It turns out that, in general, men tend to invest somewhat more aggressively than women and to trade more often. And, overall, embarrassingly enough, it is the women who have the better investment record.
When I checked back over several of the assets I had bought and later sold for one reason or another (feeling I had gotten a good profit out of them and they were now "fairly valued," or the companies had wound up not being nearly as profitable as I had originally expected, or I simply needed the funds for other hot investments I felt I must purchase right away, etc.), I discovered to my chagrin what should already have been obvious from a comparison of our mutually held assets with those strictly in Val's portfolio: the assets I had sold, once the commission and tax costs of trading had been factored in, were significantly more profitable than the ones I had bought with the proceeds of those sales.

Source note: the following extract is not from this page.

(* Consider markets with scalar single-parameter valuations: $n$ agents, an unlimited supply of a good (at most one copy per agent), agent $i$ has private type $t_i\in[0,\infty)$ and valuation $v_i(t_i,S)=t_i\,w_i(S)$ for winning sets $S\subseteq[n]$, with publicly known $w_i:2^{[n]}\to\mathbb{R}_{\ge0}$, $w_i(S)=0$ for $i\notin S$, and such that each $v_i(t_i,\cdot)$ is monotone ($v_i(t_i,S)\le v_i(t_i,R)$ for $S\subseteq R$) and subadditive ($v_i(t_i,S\cup R)\le v_i(t_i,S)+v_i(t_i,R)$ whenever $i\in S\cap R$). Then there is no universally truthful mechanism achieving a constant approximation ratio with respect to $\mathcal{F}^{(2)}$: for every constant $\alpha\ge1$ there exist $n$ and such public functions $w_1,\dots,w_n$ such that no universally truthful mechanism $\mathcal{M}$ satisfies $\mathbb{E}[\mathrm{Rev}_{\mathcal{M}}(t)]\ge \mathcal{F}^{(2)}(t)/\alpha$ for all $t\in[0,\infty)^n$.
   Context: A deterministic mechanism maps the reported type vector $t$ to a winning set $S$ and prices $p_i$ for $i\in S$ (agents outside $S$ pay $0$); agent $i$'s utility is $v_i(t_i,S)-p_i$ if $i\in S$ and $0$ otherwise, and $\mathrm{Rev}$ is $\sum_{i\in S}p_i$. It is truthful if for every $i$ and every fixed reports of the others, reporting the true type maximizes $i$'s utility, and individually rational (voluntary participation) if truthful agents always have nonnegative utility. A universally truthful mechanism is a probability distribution over deterministic truthful, individually rational mechanisms. $\mathcal{F}^{(2)}(t)=\max\{c|S| : c\ge0,\ S\subseteq[n],\ |S|\ge 2,\ v_i(t_i,S)\ge c\ \forall i\in S\}$. *)

theory Defs
  imports "HOL-Probability.Probability"
begin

One example in particular comes to mind: With $10,000 I had bought a lot of shares of a number of very small company stocks, including Summit Technology. Once the total value of these shares had gone up to about $15,000, though a few of the holdings had gone down to almost nothing, I figured that I could probably not do better with such risky assets than a 50% return and sold most all of them. After subtracting the commissions of purchases and sales as well as the taxes I paid on these small transactions, my actual return for an average holding period of about two years, was down to roughly 25%, a net gain of about $2500, and that did not even take into account all the time I had spent selecting, planting, weeding, pruning, etc. this "garden" over that two year period.